Das gleiche gilt meines Erachtens für das Pilgern mit Freund/in, Freundesgruppen usw. Ich habe unterwegs viele Leute streiten gesehen, Menschen, die den Camino allein und in ihrem eigenen Tempo wahrscheinlich sehr gut bewältigt hätten, zu zweit jedoch deutlich unter- oder überfordert waren und den Weg daher nicht richtig genießen konnten. Ich habe Leute getroffen, die aus diesem Grund unterwegs umgekehrt und wieder nach Hause gefahren sind. Und das finde ich sehr schade.

Alto del Perdón


Angst vor dem Alleinsein braucht dennoch keiner oder keine zu haben: Der Camino ist keine einsame Wüste und man begegnet unterwegs, in den Restaurants und Herbergen ständig Menschen, mit denen man ins Gespräch kommt und ein kleines oder auch etwas längeres Stück des Weges gemeinsam zurücklegt. Ich erinnere mich sehr gerne an diese Begegnungen, und gerade die Freiheit der Entscheidung, ob und wie lange man ein Stück des Caminos mit einander zurücklegen möchte, macht sie so wertvoll und einzigartig.

Stausee "La Grajera" hinter Logroño

Die Sprache ist dabei kaum ein Hindernis, denn praktisch jede/r versteht hier zumindest ein wenig Englisch, der Camino ist jedoch international und man trifft auch viele PilgerInnen, mit denen man sich in der eigenen Muttersprache unterhalten kann, d.h. Deutsche und ÖsterreicherInnen.

Zusammenfassend möchte ich daher sagen, dass ich es - gerade beim Pilgern - für wichtig finde, in seinem eigenen Tempo gehen zu können. Erst dann bekommt man den Kopf frei. Ist das aus irgend einem Grund nicht möglich, d.h. ist man an andere Menschen oder eine Gruppe gebunden, so hilft nur große beidseitige Toleranz: Den/die andere einfach vorausgehen oder auch zurückbleiben lassen, einen Treffpunkt vereinbaren, kein falscher Ehrgeiz, gegebenenfalls auch akzeptieren, dass sich einer den schweren Rucksack transportieren lässt oder gar eine Etappe mit dem Bus fährt (das ist - ausgenommen die letzten 100 km - nicht verboten und es gibt viele Pilgergruppen, die es, allein schon aus zeitlichen Gründen, so halten).

Pilgergruppe - Malerei an den Wänden einer Unterführung (Túnel del Camino)

Zum Schluss vielleicht noch ein paar Worte zum Thema allein pilgernde Frauen: Trotz des tragischen Todes von Denise Thiem vor einem Jahr halte ich den Camino nicht für gefährlicher als andere Wege und Straßen, auf denen man allein unterwegs ist.
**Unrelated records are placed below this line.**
(* Let $A$ be a synaptic algebra, $p,q\in P$, $r:=[p,q]:=(p\vee q)\wedge(p\vee q^{\perp})\wedge(p^{\perp}\vee q)\wedge(p^{\perp}\vee q^{\perp})$, $c:=(pqp+p^{\perp}q^{\perp}p^{\perp})^{1/2}$ and $s:=(pq^{\perp}p+p^{\perp}qp^{\perp})^{1/2}$. Then: (i) $c^{\circ}Cp$, $c^{\circ}Cq$, $c^{\circ}Cs$, $c^{\circ}Cr$, $s^{\circ}Cp$, $s^{\circ}Cq$, $s^{\circ}Cr$, $s^{\circ}Cc$, and $c^{\circ}Cs^{\circ}$; (ii) $c^{\circ}=(p\vee q^{\perp})\wedge(p^{\perp}\vee q)$ and $s^{\circ}=(p\vee q)\wedge(p^{\perp}\vee q^{\perp})$; (iii) $(cs)^{\circ}=c^{\circ}s^{\circ}=c^{\circ}\wedge s^{\circ}=(p\vee q)\wedge(p\vee q^{\perp})\wedge(p^{\perp}\vee q)\wedge(p^{\perp}\vee q^{\perp})=r=[p,q]$; (iv) $c^2(s^{\circ})^{\perp}=(s^{\circ})^{\perp}c^2=(s^{\circ})^{\perp}$, whence $(s^{\circ})^{\perp}\le c^2\le c$; (v) $s^2(c^{\circ})^{\perp}=(c^{\circ})^{\perp}s^2=(c^{\circ})^{\perp}$, whence $(c^{\circ})^{\perp}\le s^2\le s$.
   Context: Synaptic algebra (Foulis): $R$ is a real linear associative algebra with unit $1$, and $A\subseteq R$ is a real linear subspace with $1\in A$. For $a,b\in A$ write $aCb$ iff $ab=ba$; $C(a):=\{b\in A: aCb\}$; $CC(a):=\{b\in A: bCd \text{ for all } d\in C(a)\}$. $A$ is a synaptic algebra with enveloping algebra $R$ iff: (SA1) $A$ is a partially ordered archimedean real linear space with positive cone $A^+$, $1$ is an order unit, $\|\cdot\|$ the order-unit norm; (SA2) $a\in A\Rightarrow a^2\in A^+$; (SA3) $a,b\in A^+\Rightarrow aba\in A^+$; (SA4) if $a\in A$, $b\in A^+$, $aba=0$ then $ab=ba=0$; (SA5) if $a\in A^+$ there is $b\in A^+\cap CC(a)$ with $b^2=a$; (SA6) for $a\in A$ there is $p=p^2\in A$ with $ab=0\Leftrightarrow pb=0$ for all $b\in A$; (SA7) if $1\le a$ there is $b\in A$ with $ab=ba=1$; (SA8) if $a,b\in A$, $a_1\le a_2\le\cdots$ are pairwise commuting elements of $C(b)$ with $\|a-a_n\|\to0$, then $a\in C(b)$. $A$ is nondegenerate. $P:=\{p\in A:p=p^2\}$ with the inherited order is an orthomodular lattice with $p^{\perp}:=1-p$, meet $\wedge$, join $\vee$. For $0\le a$, $a^{1/2}$ is its unique positive square root in $A$. The carrier $a^{\circ}$ of $a\in A$ is the unique projection such that for all $b\in A$, $ab=0\Leftrightarrow a^{\circ}b=0$. (Here $c$ and $s$ commute, so $cs\in A$.) *)

theory Defs
  imports Complex_Main
begin

text \<open>The enveloping algebra R is the type 'r (a real linear associative algebra with unit);
  A :: 'r set is the synaptic algebra, Pos :: 'r set its positive cone A+.\<close>

definition sa_le :: "'r::real_algebra_1 set \<Rightarrow> 'r \<Rightarrow> 'r \<Rightarrow> bool" where
  "sa_le Pos a b \<longleftrightarrow> b - a \<in> Pos"

definition commutes :: "'r::real_algebra_1 \<Rightarrow> 'r \<Rightarrow> bool" where
  "commutes a b \<longleftrightarrow> a * b = b * a"

definition commutant :: "'r::real_algebra_1 set \<Rightarrow> 'r \<Rightarrow> 'r set" where
  "commutant A a = {b \<in> A. commutes a b}"

definition bicommutant :: "'r::real_algebra_1 set \<Rightarrow> 'r \<Rightarrow> 'r set" where
  "bicommutant A a = {b \<in> A. \<forall>d \<in> commutant A a. commutes b d}"

definition ou_norm :: "'r::real_algebra_1 set \<Rightarrow> 'r \<Rightarrow> real" where
  "ou_norm Pos a = Inf {t. 0 < t \<and> sa_le Pos (- (t *\<^sub>R 1)) a \<and> sa_le Pos a (t *\<^sub>R 1)}"

definition synaptic_algebra :: "'r::real_algebra_1 set \<Rightarrow> 'r set \<Rightarrow> bool" where
  "synaptic_algebra A Pos \<longleftrightarrow>
     \<comment> \<open>A is a real linear subspace of R containing 1\<close>
     0 \<in> A \<and> 1 \<in> A \<and> (\<forall>a\<in>A. \<forall>b\<in>A. a + b \<in> A) \<and> (\<forall>t::real. \<forall>a\<in>A. t *\<^sub>R a \<in> A) \<and>
     \<comment> \<open>SA1: partially ordered (positive cone), archimedean, 1 is an order unit\<close>
     Pos \<subseteq> A \<and> (\<forall>a\<in>Pos. \<forall>b\<in>Pos. a + b \<in> Pos) \<and> (\<forall>t::real. \<forall>a\<in>Pos. 0 \<le> t \<longrightarrow> t *\<^sub>R a \<in> Pos) \<and>
     (\<forall>a\<in>Pos. - a \<in> Pos \<longrightarrow> a = 0) \<and>
     (\<forall>a\<in>A. \<forall>b\<in>A. (\<forall>n::nat. sa_le Pos (real n *\<^sub>R a) b) \<longrightarrow> sa_le Pos a 0) \<and>
     (\<forall>a\<in>A. \<exists>n::nat. sa_le Pos a (real n *\<^sub>R 1)) \<and>
     \<comment> \<open>SA2\<close>
     (\<forall>a\<in>A. a * a \<in> Pos) \<and>
     \<comment> \<open>SA3\<close>
     (\<forall>a\<in>Pos. \<forall>b\<in>Pos. a * b * a \<in> Pos) \<and>
     \<comment> \<open>SA4\<close>
     (\<forall>a\<in>A. \<forall>b\<in>Pos. a * b * a = 0 \<longrightarrow> a * b = 0 \<and> b * a = 0) \<and>
     \<comment> \<open>SA5\<close>
     (\<forall>a\<in>Pos. \<exists>b\<in>Pos. b \<in> bicommutant A a \<and> b * b = a) \<and>
     \<comment> \<open>SA6\<close>
     (\<forall>a\<in>A. \<exists>p\<in>A. p * p = p \<and> (\<forall>b\<in>A. a * b = 0 \<longleftrightarrow> p * b = 0)) \<and>
     \<comment> \<open>SA7\<close>
     (\<forall>a\<in>A. sa_le Pos 1 a \<longrightarrow> (\<exists>b\<in>A. a * b = 1 \<and> b * a = 1)) \<and>
     \<comment> \<open>SA8\<close>
     (\<forall>a\<in>A. \<forall>b\<in>A. \<forall>x::nat \<Rightarrow> 'r.
        (\<forall>n. x n \<in> commutant A b) \<and> (\<forall>n. sa_le Pos (x n) (x (Suc n))) \<and>
        (\<forall>m n. commutes (x m) (x n)) \<and> (\<lambda>n. ou_norm Pos (a - x n)) \<longlonglongrightarrow> 0
        \<longrightarrow> a \<in> commutant A b)"

definition proj :: "'r::real_algebra_1 set \<Rightarrow> 'r set" where
  "proj A = {p \<in> A. p * p = p}"

definition perp :: "'r::real_algebra_1 \<Rightarrow> 'r" where
  "perp p = 1 - p"

definition pmeet :: "'r::real_algebra_1 set \<Rightarrow> 'r set \<Rightarrow> 'r \<Rightarrow> 'r \<Rightarrow> 'r" where
  "pmeet A Pos p q = (THE r. r \<in> proj A \<and> sa_le Pos r p \<and> sa_le Pos r q \<and>
      (\<forall>t\<in>proj A. sa_le Pos t p \<and> sa_le Pos t q \<longrightarrow> sa_le Pos t r))"

definition pjoin :: "'r::real_algebra_1 set \<Rightarrow> 'r set \<Rightarrow> 'r \<Rightarrow> 'r \<Rightarrow> 'r" where
  "pjoin A Pos p q = (THE r. r \<in> proj A \<and> sa_le Pos p r \<and> sa_le Pos q r \<and>
      (\<forall>t\<in>proj A. sa_le Pos p t \<and> sa_le Pos q t \<longrightarrow> sa_le Pos r t))"

definition sa_sqrt :: "'r::real_algebra_1 set \<Rightarrow> 'r \<Rightarrow> 'r" where
  "sa_sqrt Pos a = (THE b. b \<in> Pos \<and> b * b = a)"

definition carrier :: "'r::real_algebra_1 set \<Rightarrow> 'r \<Rightarrow> 'r" where
  "carrier A a = (THE p. p \<in> proj A \<and> (\<forall>b\<in>A. a * b = 0 \<longleftrightarrow> p * b = 0))"

end

theory Submission
  imports Defs
begin

text \<open>
  Put \<open>d = p - q\<close>. Then \<open>s\<^sup>2 = d\<^sup>2\<close> and \<open>c\<^sup>2 = (p - q\<^sup>\<perp>)\<^sup>2 = 1 - d\<^sup>2\<close> commute with
  \<open>p\<close> and \<open>q\<close>, so \<open>s\<degree> = (d\<^sup>2)\<degree>\<close> and \<open>c\<degree>\<close> are projections commuting with \<open>p\<close>, \<open>q\<close>, \<open>c\<close>,
  \<open>s\<close> and each other. For any two projections, \<open>p \<and> q = p (1 - ((p - q)\<^sup>2)\<degree>)\<close>: \<open>p\<close> and \<open>q\<close>
  agree off that carrier, and every common subprojection is annihilated by \<open>(p - q)\<^sup>2\<close>.
  Passing to complements, each of the four joins in \<open>[p, q]\<close> becomes a polynomial in the
  commuting projections \<open>p\<close>, \<open>c\<degree>\<close>, \<open>s\<degree>\<close>, and (ii) and (iii) are computations in
  this commutative algebra. Finally (iv) and (v) follow from \<open>c\<^sup>2 + s\<^sup>2 = 1\<close>, because
  \<open>s\<^sup>2\<close> vanishes on \<open>(s\<degree>)\<^sup>\<perp>\<close> and \<open>x\<^sup>2 \<le> 1\<close> forces \<open>x\<^sup>2 \<le> x\<close> for positive \<open>x\<close>.
\<close>

lemma mult_one_minus_eq_zero_iff:
  fixes x y :: "'a::ring_1"
  shows "x * (1 - y) = 0 \<longleftrightarrow> x * y = x"
  by (metis eq_iff_diff_eq_0 mult.right_neutral right_diff_distrib)

lemma one_minus_mult_eq_zero_iff:
  fixes x y :: "'a::ring_1"
  shows "(1 - y) * x = 0 \<longleftrightarrow> y * x = x"
  by (metis eq_iff_diff_eq_0 mult_1 left_diff_distrib)

text \<open>The axioms of a synaptic algebra that the argument uses.\<close>

locale synaptic =
  fixes A Pos :: "'r::real_algebra_1 set"
  assumes one_mem: "1 \<in> A"
    and add_mem: "a \<in> A \<Longrightarrow> b \<in> A \<Longrightarrow> a + b \<in> A"
    and scaleR_mem: "a \<in> A \<Longrightarrow> t *\<^sub>R a \<in> A"
    and Pos_subset: "Pos \<subseteq> A"
    and Pos_add: "a \<in> Pos \<Longrightarrow> b \<in> Pos \<Longrightarrow> a + b \<in> Pos"
    and Pos_antisym: "a \<in> Pos \<Longrightarrow> - a \<in> Pos \<Longrightarrow> a = 0"
    and square_Pos: "a \<in> A \<Longrightarrow> a * a \<in> Pos"
    and sandwich_Pos: "a \<in> Pos \<Longrightarrow> b \<in> Pos \<Longrightarrow> a * b * a \<in> Pos"
    and sandwich_eq_zero: "a \<in> A \<Longrightarrow> b \<in> Pos \<Longrightarrow> a * b * a = 0 \<Longrightarrow> a * b = 0 \<and> b * a = 0"
    and sqrt_exists: "a \<in> Pos \<Longrightarrow> \<exists>b\<in>Pos. b \<in> bicommutant A a \<and> b * b = a"
    and carrier_exists: "a \<in> A \<Longrightarrow> \<exists>e\<in>A. e * e = e \<and> (\<forall>b\<in>A. a * b = 0 \<longleftrightarrow> e * b = 0)"
    and inverse_exists: "a \<in> A \<Longrightarrow> sa_le Pos 1 a \<Longrightarrow> \<exists>b\<in>A. a * b = 1 \<and> b * a = 1"

lemma synaptic_algebra_imp_synaptic: "synaptic_algebra A Pos \<Longrightarrow> synaptic A Pos"
  unfolding synaptic_algebra_def by unfold_locales (elim conjE; simp)+

context synaptic
begin

lemma Pos_mem: "a \<in> Pos \<Longrightarrow> a \<in> A"
  using Pos_subset by blast

lemma diff_mem: "a \<in> A \<Longrightarrow> b \<in> A \<Longrightarrow> a - b \<in> A"
  using add_mem[of a "(-1) *\<^sub>R b"] scaleR_mem[of b "-1"] by simp

lemma square_mem: "a \<in> A \<Longrightarrow> a * a \<in> A"
  using square_Pos Pos_mem by blast

lemma jordan_product_mem: "a \<in> A \<Longrightarrow> b \<in> A \<Longrightarrow> a * b + b * a \<in> A"
proof -
  assume "a \<in> A" "b \<in> A"
  moreover have "a * b + b * a = (a + b) * (a + b) - a * a - b * b"
    by (simp add: algebra_simps)
  ultimately show ?thesis
    by (simp add: diff_mem square_mem add_mem)
qed

lemma commuting_mult_mem:
  assumes "a \<in> A" "b \<in> A" "a * b = b * a"
  shows "a * b \<in> A"
proof -
  have "a * b = (1/2::real) *\<^sub>R (a * b + b * a)"
    using assms(3) by (simp add: scaleR_2[symmetric])
  then show ?thesis
    using jordan_product_mem[OF assms(1,2)] scaleR_mem by metis
qed

lemma sandwich_mem:
  assumes a: "a \<in> A" and b: "b \<in> A"
  shows "a * b * a \<in> A"
proof -
  have "a * b * a = (1/2::real) *\<^sub>R
      (a * (a * b + b * a) + (a * b + b * a) * a - ((a * a) * b + b * (a * a)))"
    by (simp add: algebra_simps scaleR_2[symmetric])
  moreover have "a * (a * b + b * a) + (a * b + b * a) * a - ((a * a) * b + b * (a * a)) \<in> A"
    using a b by (intro diff_mem jordan_product_mem square_mem)
  ultimately show ?thesis
    using scaleR_mem by metis
qed

lemma one_Pos: "1 \<in> Pos"
  using square_Pos[OF one_mem] by simp

lemma Pos_add_eq_zero: "a \<in> Pos \<Longrightarrow> b \<in> Pos \<Longrightarrow> a + b = 0 \<Longrightarrow> a = 0"
  by (metis Pos_antisym add_eq_0_iff)

lemma square_eq_zero: "a \<in> A \<Longrightarrow> a * a = 0 \<Longrightarrow> a = 0"
  using sandwich_eq_zero[OF _ one_Pos, of a] by simp

lemma mult_eq_zero_commute:
  assumes a: "a \<in> A" and b: "b \<in> A" and ab: "a * b = 0"
  shows "b * a = 0"
proof -
  have "b * a \<in> A"
    using jordan_product_mem[OF a b] ab by simp
  moreover have "(b * a) * (b * a) = b * (a * b) * a"
    by (simp add: mult.assoc)
  ultimately show ?thesis
    using square_eq_zero[of "b * a"] ab by simp
qed

lemma commuting_mult_Pos:
  assumes a: "a \<in> Pos" and b: "b \<in> Pos" and ab: "a * b = b * a"
  shows "a * b \<in> Pos"
proof -
  obtain r where r: "r \<in> Pos" "r \<in> bicommutant A a" "r * r = a"
    using sqrt_exists[OF a] by blast
  have "b \<in> commutant A a"
    using ab Pos_mem[OF b] unfolding commutant_def commutes_def by simp
  then have "r * b = b * r"
    using r(2) unfolding bicommutant_def commutes_def by blast
  then have "a * b = r * b * r"
    using r(3) by (metis mult.assoc)
  then show ?thesis
    using sandwich_Pos[OF r(1) b] by simp
qed

section \<open>Square roots\<close>

lemma sqrt_unique:
  assumes a: "a \<in> Pos" and b: "b \<in> Pos" "b * b = a"
    and r: "r \<in> Pos" "r \<in> bicommutant A a" "r * r = a"
  shows "b = r"
proof -
  have bA: "b \<in> A" and rA: "r \<in> A"
    using b r Pos_mem by auto
  have "b \<in> commutant A a"
    using bA b(2) unfolding commutant_def commutes_def by (auto simp: mult.assoc)
  then have br: "r * b = b * r"
    using r(2) unfolding bicommutant_def commutes_def by blast
  define d where "d = b - r"
  have dA: "d \<in> A"
    using bA rA diff_mem d_def by simp
  have "d * b = b * d" and "d * r = r * d"
    using br by (simp_all add: d_def algebra_simps)
  then have "d * b * d = b * (d * d)" and "b * (d * d) = (d * d) * b"
    and "d * r * d = r * (d * d)" and "r * (d * d) = (d * d) * r"
    by (metis mult.assoc)+
  then have db: "d * b * d \<in> Pos" and dr: "d * r * d \<in> Pos"
    using commuting_mult_Pos square_Pos[OF dA] b(1) r(1) by metis+
  \<comment> \<open>\<open>d b d + d r d = (b\<^sup>2 - r\<^sup>2) d = 0\<close>, and both summands are positive\<close>
  have "d * b * d + d * r * d = (b * b - r * r + (b * r - r * b)) * d"
    unfolding d_def by (simp add: algebra_simps)
  then have "d * b * d + d * r * d = 0"
    using b(2) r(3) br by simp
  then have "d * b * d = 0" and "d * r * d = 0"
    using Pos_add_eq_zero db dr by (auto simp: add.commute)
  then have "d * b = 0" and "d * r = 0"
    using sandwich_eq_zero dA b(1) r(1) by blast+
  then have "d * d = 0"
    unfolding d_def by (simp add: algebra_simps)
  then have "d = 0"
    using square_eq_zero dA by blast
  then show ?thesis
    by (simp add: d_def)
qed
Es macht auf jeden Fall Sinn, sich - und sei es nur für ein kurzes Stückchen - anderen anzuschließen oder, wenn man das nicht mag, andere Pilger und Pilgergruppen in Sichtweite zu behalten. Auch ein (aufgeladenes) Handy sollte man natürlich immer dabei haben, die Netzabdeckung ist - soweit ich feststellen konnte - fast zu 100% gegeben.